I feel that the best thing about Mercari is that we are very meticulous about reviewing what we’ve done. From our CEO and the heads of our engineering organizations to the members on each of our teams, if we take on a new challenge and it does not work out, we discuss where things went wrong and what was missing from the process. From there we find things that we can improve on, figure out together what we can do better next time, and then apply our ideas. That’s what I find appealing about Mercari.

For the past four or five years, our management, including people like @wakasa (Mercari CTO, Ken Wakasa), have been plotting the course that our engineering organizations should take with regard to things like RFS. The initiatives and review processes for such things are not taken lightly. The launch of this project is the result of that.

That’s not to say that these things did not happen at my previous workplace. However, at Mercari, I once again learned the importance of the review process. I feel like it’s tied to my own personal growth.

Our CS tool may be for internal use, but we did not accept any compromise on this indispensable element of business growth

ーCould you tell me how the area you are in charge of is involved with Mercari’s forward-looking focus on RFS?

The RFS initiative that we are working on now started with the acknowledgement that in order to expand our business going forward, we had to make changes to our software system, which has grown in complexity as Mercari has continued to develop and operate it over the past eight years.

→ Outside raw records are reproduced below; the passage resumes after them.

(* Let $m\geq 13$ and $n\geq 13$ be integers. If $f$ is a signed Roman dominating function of minimum weight on $C_m\vee C_n$ such that $\sum_{y\in N_{C_m}[x]}f(y)<0$ for some $x\in V(C_m)$, then $\gamma_{sR}(C_m\vee C_n)\geq 3$.
   Context: $C_n$ denotes the cycle on $n$ vertices; in $C_m\vee C_n$ the vertex sets $V(C_m)$ and $V(C_n)$ are disjoint. For a graph $G=(V,E)$ and $x\in V$, $N_G[x]=\{x\}\cup\{y: xy\in E\}$ is the closed neighborhood (so $N_{C_m}[x]$ consists of $x$ and its two neighbors on the cycle $C_m$). A signed Roman dominating function (SRDF) on $G$ is a function $f:V\to\{-1,1,2\}$ such that (a) $\sum_{y\in N_G[x]}f(y)\geq 1$ for every $x\in V$, and (b) every vertex $x$ with $f(x)=-1$ is adjacent to at least one vertex $y$ with $f(y)=2$. The weight of $f$ is $\sum_{x\in V}f(x)$, and $\gamma_{sR}(G)$ is the minimum weight of an SRDF on $G$. The join $G_1\vee G_2$ of two graphs has vertex set $V(G_1)\cup V(G_2)$ (disjoint union) and edge set $E(G_1)\cup E(G_2)\cup\{uv: u\in V(G_1), v\in V(G_2)\}$. *)

theory Defs
  imports Main
begin

text \<open>A (simple) graph is given by a vertex set V and a symmetric irreflexive
adjacency relation adj.\<close>

definition closed_nbhd :: "'a set \<Rightarrow> ('a \<Rightarrow> 'a \<Rightarrow> bool) \<Rightarrow> 'a \<Rightarrow> 'a set" where
  "closed_nbhd V adj x = {x} \<union> {y \<in> V. adj x y}"

definition is_srdf :: "'a set \<Rightarrow> ('a \<Rightarrow> 'a \<Rightarrow> bool) \<Rightarrow> ('a \<Rightarrow> int) \<Rightarrow> bool" where
  "is_srdf V adj f \<longleftrightarrow>
     (\<forall>x\<in>V. f x \<in> {-1, 1, 2}) \<and>
     (\<forall>x\<in>V. (\<Sum>y\<in>closed_nbhd V adj x. f y) \<ge> 1) \<and>
     (\<forall>x\<in>V. f x = -1 \<longrightarrow> (\<exists>y\<in>V. adj x y \<and> f y = 2))"

definition weight :: "'a set \<Rightarrow> ('a \<Rightarrow> int) \<Rightarrow> int" where
  "weight V f = (\<Sum>x\<in>V. f x)"

definition gamma_sR :: "'a set \<Rightarrow> ('a \<Rightarrow> 'a \<Rightarrow> bool) \<Rightarrow> int" where
  "gamma_sR V adj = Min {weight V f | f. is_srdf V adj f}"

definition cycle_adj :: "nat \<Rightarrow> nat \<Rightarrow> nat \<Rightarrow> bool" where
  "cycle_adj m i j \<longleftrightarrow> i < m \<and> j < m \<and> (j = (i + 1) mod m \<or> i = (j + 1) mod m)"

definition join_V :: "nat \<Rightarrow> nat \<Rightarrow> (nat + nat) set" where
  "join_V m n = Inl ` {..<m} \<union> Inr ` {..<n}"

fun join_adj :: "nat \<Rightarrow> nat \<Rightarrow> nat + nat \<Rightarrow> nat + nat \<Rightarrow> bool" where
  "join_adj m n (Inl i) (Inl j) = cycle_adj m i j"
| "join_adj m n (Inr i) (Inr j) = cycle_adj n i j"
| "join_adj m n (Inl i) (Inr j) = (i < m \<and> j < n)"
| "join_adj m n (Inr j) (Inl i) = (i < m \<and> j < n)"

end

theory Submission
  imports Defs
begin

text \<open>Write \<open>A\<close> and \<open>B\<close> for the total weight of \<open>f\<close> on \<open>C\<^sub>m\<close> and on \<open>C\<^sub>n\<close>. The closed
neighbourhood of a vertex of \<open>C\<^sub>m\<close> in the join is its cycle neighbourhood together with all of
\<open>C\<^sub>n\<close>, so a vertex of \<open>C\<^sub>m\<close> with negative cycle-neighbourhood sum forces \<open>B \<ge> 2\<close>. If \<open>A \<ge> 1\<close>
the weight \<open>A + B\<close> is at least 3. Otherwise every cycle-neighbourhood sum on \<open>C\<^sub>n\<close> is at least
\<open>1 - A\<close>; since \<open>C\<^sub>n\<close> is 2-regular these \<open>n\<close> sums add up to \<open>3B\<close>, so \<open>3B \<ge> n(1 - A)\<close>, which for
\<open>n \<ge> 9\<close> and \<open>A \<le> 0\<close> again gives \<open>A + B \<ge> 3\<close>.\<close>

lemma sum_closed_nbhd_sums:
  fixes g :: "'a \<Rightarrow> 'b::comm_semiring_1"
  assumes "finite V" and "\<And>x y. adj x y \<longleftrightarrow> adj y x"
  shows "(\<Sum>x\<in>V. \<Sum>y\<in>closed_nbhd V adj x. g y)
       = (\<Sum>y\<in>V. of_nat (card (closed_nbhd V adj y)) * g y)"
proof -
  have nbhd: "closed_nbhd V adj x = {y\<in>V. x = y \<or> adj x y}" if "x \<in> V" for x
    using that unfolding closed_nbhd_def by auto
  have "(\<Sum>x\<in>V. \<Sum>y\<in>closed_nbhd V adj x. g y)
      = (\<Sum>x\<in>V. \<Sum>y\<in>{y\<in>V. x = y \<or> adj x y}. g y)"
    by (rule sum.cong) (simp_all add: nbhd)
  also have "\<dots> = (\<Sum>y\<in>V. \<Sum>x\<in>{x\<in>V. x = y \<or> adj x y}. g y)"
    by (rule sum.swap_restrict) (use assms(1) in auto)
  also have "\<dots> = (\<Sum>y\<in>V. of_nat (card (closed_nbhd V adj y)) * g y)"
    by (rule sum.cong) (auto simp: nbhd assms(2) eq_commute)
  finally show ?thesis .
qed

lemma cycle_closed_nbhd:
  assumes "n \<ge> 3" and "y < n"
  shows "closed_nbhd {..<n} (cycle_adj n) y = {y, (y + 1) mod n, (y + n - 1) mod n}"
proof -
  have "cycle_adj n y z \<longleftrightarrow> z = (y + 1) mod n \<or> z = (y + n - 1) mod n" if "z < n" for z
    using that assms unfolding cycle_adj_def by (auto simp: mod_if)
  then show ?thesis
    using assms unfolding closed_nbhd_def by auto
qed

lemma card_cycle_closed_nbhd:
  assumes "n \<ge> 3" and "y < n"
  shows "card (closed_nbhd {..<n} (cycle_adj n) y) = 3"
  using assms by (auto simp: cycle_closed_nbhd mod_if)

lemma cycle_sum_closed_nbhd_sums:
  fixes g :: "nat \<Rightarrow> 'b::comm_semiring_1"
  assumes "n \<ge> 3"
  shows "(\<Sum>y<n. \<Sum>z\<in>closed_nbhd {..<n} (cycle_adj n) y. g z) = 3 * (\<Sum>y<n. g y)"
proof -
  have "cycle_adj n x y \<longleftrightarrow> cycle_adj n y x" for x y
    unfolding cycle_adj_def by auto
  then have "(\<Sum>y<n. \<Sum>z\<in>closed_nbhd {..<n} (cycle_adj n) y. g z)
      = (\<Sum>y<n. of_nat (card (closed_nbhd {..<n} (cycle_adj n) y)) * g y)"
    by (intro sum_closed_nbhd_sums) auto
  also have "\<dots> = 3 * (\<Sum>y<n. g y)"
    using assms by (simp add: card_cycle_closed_nbhd sum_distrib_left)
  finally show ?thesis .
qed

lemma join_closed_nbhd_Inl:
  assumes "x < m"
  shows "closed_nbhd (join_V m n) (join_adj m n) (Inl x)
       = Inl ` closed_nbhd {..<m} (cycle_adj m) x \<union> Inr ` {..<n}"
  using assms unfolding closed_nbhd_def join_V_def by (auto simp: cycle_adj_def)

lemma join_closed_nbhd_Inr:
  assumes "y < n"
  shows "closed_nbhd (join_V m n) (join_adj m n) (Inr y)
       = Inr ` closed_nbhd {..<n} (cycle_adj n) y \<union> Inl ` {..<m}"
  using assms unfolding closed_nbhd_def join_V_def by (auto simp: cycle_adj_def)

lemma finite_cycle_closed_nbhd: "finite (closed_nbhd {..<n} (cycle_adj n) y)"
  unfolding closed_nbhd_def by auto

lemma sum_join_closed_nbhd_Inl:
  assumes "x < m"
  shows "(\<Sum>z\<in>closed_nbhd (join_V m n) (join_adj m n) (Inl x). f z)
       = (\<Sum>y\<in>closed_nbhd {..<m} (cycle_adj m) x. f (Inl y)) + (\<Sum>y<n. f (Inr y))"
  unfolding join_closed_nbhd_Inl[OF assms]
  by (subst sum.union_disjoint) (auto simp: finite_cycle_closed_nbhd sum.reindex)

lemma sum_join_closed_nbhd_Inr:
  assumes "y < n"
  shows "(\<Sum>z\<in>closed_nbhd (join_V m n) (join_adj m n) (Inr y). f z)
       = (\<Sum>x\<in>closed_nbhd {..<n} (cycle_adj n) y. f (Inr x)) + (\<Sum>x<m. f (Inl x))"
  unfolding join_closed_nbhd_Inr[OF assms]
  by (subst sum.union_disjoint) (auto simp: finite_cycle_closed_nbhd sum.reindex)

lemma weight_join: "weight (join_V m n) f = (\<Sum>x<m. f (Inl x)) + (\<Sum>y<n. f (Inr y))"
  unfolding weight_def join_V_def
  by (subst sum.union_disjoint) (auto simp: sum.reindex)

lemma srdf_closed_nbhd_sum_ge_1:
  "is_srdf V adj f \<Longrightarrow> x \<in> V \<Longrightarrow> (\<Sum>y\<in>closed_nbhd V adj x. f y) \<ge> 1"
  unfolding is_srdf_def by blast

lemma join_cycle_srdf_weight_ge_3:
  assumes "n \<ge> 9" and srdf: "is_srdf (join_V m n) (join_adj m n) f"
    and "x < m" and neg: "(\<Sum>y\<in>closed_nbhd {..<m} (cycle_adj m) x. f (Inl y)) < 0"
  shows "weight (join_V m n) f \<ge> 3"
proof -
  define A where "A = (\<Sum>x<m. f (Inl x))"
  define B where "B = (\<Sum>y<n. f (Inr y))"
  have "1 \<le> (\<Sum>z\<in>closed_nbhd (join_V m n) (join_adj m n) (Inl x). f z)"
    using srdf \<open>x < m\<close> by (intro srdf_closed_nbhd_sum_ge_1) (auto simp: join_V_def)
  with neg have B: "B \<ge> 2"
    unfolding sum_join_closed_nbhd_Inl[OF \<open>x < m\<close>] B_def by linarith
  have "A + B \<ge> 3"
  proof (cases "A \<ge> 1")
    case True
    with B show ?thesis by simp
  next
    case False
    then have "A \<le> 0" by simp
    have "1 - A \<le> (\<Sum>z\<in>closed_nbhd {..<n} (cycle_adj n) y. f (Inr z))" if "y < n" for y
    proof -
      have "1 \<le> (\<Sum>z\<in>closed_nbhd (join_V m n) (join_adj m n) (Inr y). f z)"
        using srdf \<open>y < n\<close> by (intro srdf_closed_nbhd_sum_ge_1) (auto simp: join_V_def)
      then show ?thesis
        unfolding sum_join_closed_nbhd_Inr[OF \<open>y < n\<close>] A_def by linarith
    qed
    then have nbhd_sums:
      "(\<Sum>y<n. 1 - A) \<le> (\<Sum>y<n. \<Sum>z\<in>closed_nbhd {..<n} (cycle_adj n) y. f (Inr z))"
      by (intro sum_mono) simp
    have "9 * (1 - A) \<le> int n * (1 - A)"
      using \<open>A \<le> 0\<close> \<open>n \<ge> 9\<close> by (intro mult_right_mono) auto
    also have "\<dots> \<le> (\<Sum>y<n. \<Sum>z\<in>closed_nbhd {..<n} (cycle_adj n) y. f (Inr z))"
      using nbhd_sums by simp
    also have "\<dots> = 3 * B"
      unfolding B_def using \<open>n \<ge> 9\<close> by (intro cycle_sum_closed_nbhd_sums) simp
    finally have "9 * (1 - A) \<le> 3 * B" .
    with \<open>A \<le> 0\<close> show ?thesis by arith
  qed
  then show ?thesis
    unfolding weight_join A_def B_def .
qed

theorem mainTheorem7:
  fixes m n :: nat and f :: "nat + nat \<Rightarrow> int"
  assumes "m \<ge> 13" and "n \<ge> 13"
    and "is_srdf (join_V m n) (join_adj m n) f"
    and "weight (join_V m n) f = gamma_sR (join_V m n) (join_adj m n)"
    and "\<exists>x<m. (\<Sum>y\<in>closed_nbhd {..<m} (cycle_adj m) x. f (Inl y)) < 0"
  shows "gamma_sR (join_V m n) (join_adj m n) \<ge> 3"
proof -
  obtain x where "x < m" "(\<Sum>y\<in>closed_nbhd {..<m} (cycle_adj m) x. f (Inl y)) < 0"
    using assms(5) by blast
  with assms(2,3) have "weight (join_V m n) f \<ge> 3"
    by (intro join_cycle_srdf_weight_ge_3) auto
  with assms(4) show ?thesis by simp
qed

end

The CS tool that I am now working on was also first created eight years ago. Currently, in addition to using the tool to handle user inquiries, we’ve been adding various features to it such as one for making lists of detailed information and listings and one for detecting listings that violate our rules.

To grow our business, it’s also crucial to create and operate a platform that can process CS operations and internal applications properly. That is the task of the CS Tool team. As an EM, when an issue emerges, I resolve it while speaking with the CTO or other members of the company leadership, and I try to get my team to advance their projects as smoothly as possible. That’s job number one for me.

ーFor your current project, did you decide to work on the CS tool because it was already nearing its breaking point? Or are you aiming to prepare for Mercari’s future business expansion?

When we considered the complexity of the current system, we saw that it had already reached the limits of its capacity. Over the past seven years, the number of users on Mercari has gone through the roof, so it makes sense that the number of operations that CS handles has increased. Our members have to handle inquiries carefully, and at the same time, they also need a system that can handle future expansion.

ーIncidentally, did you have a tool similar to Mercari’s CS tool at your previous workplace that optimized the handling of user inquiries?

Yes, there actually was a similar tool for internal use. Compared to the tool I used back then, I get the impression that Mercari’s CS tool isn’t just for handling customer inquiries, but rather has all of the features necessary to execute a variety of internal operations.

At the risk of being misunderstood, let me just say that a CS tool is designed for internal use, and so depending on the company, some people will think, “if it gets the job done, what more can I ask for?” Mercari’s culture says that even internal tools are important for growing our business.

ーWhat would you say is your biggest motivator for being involved in this RFS project?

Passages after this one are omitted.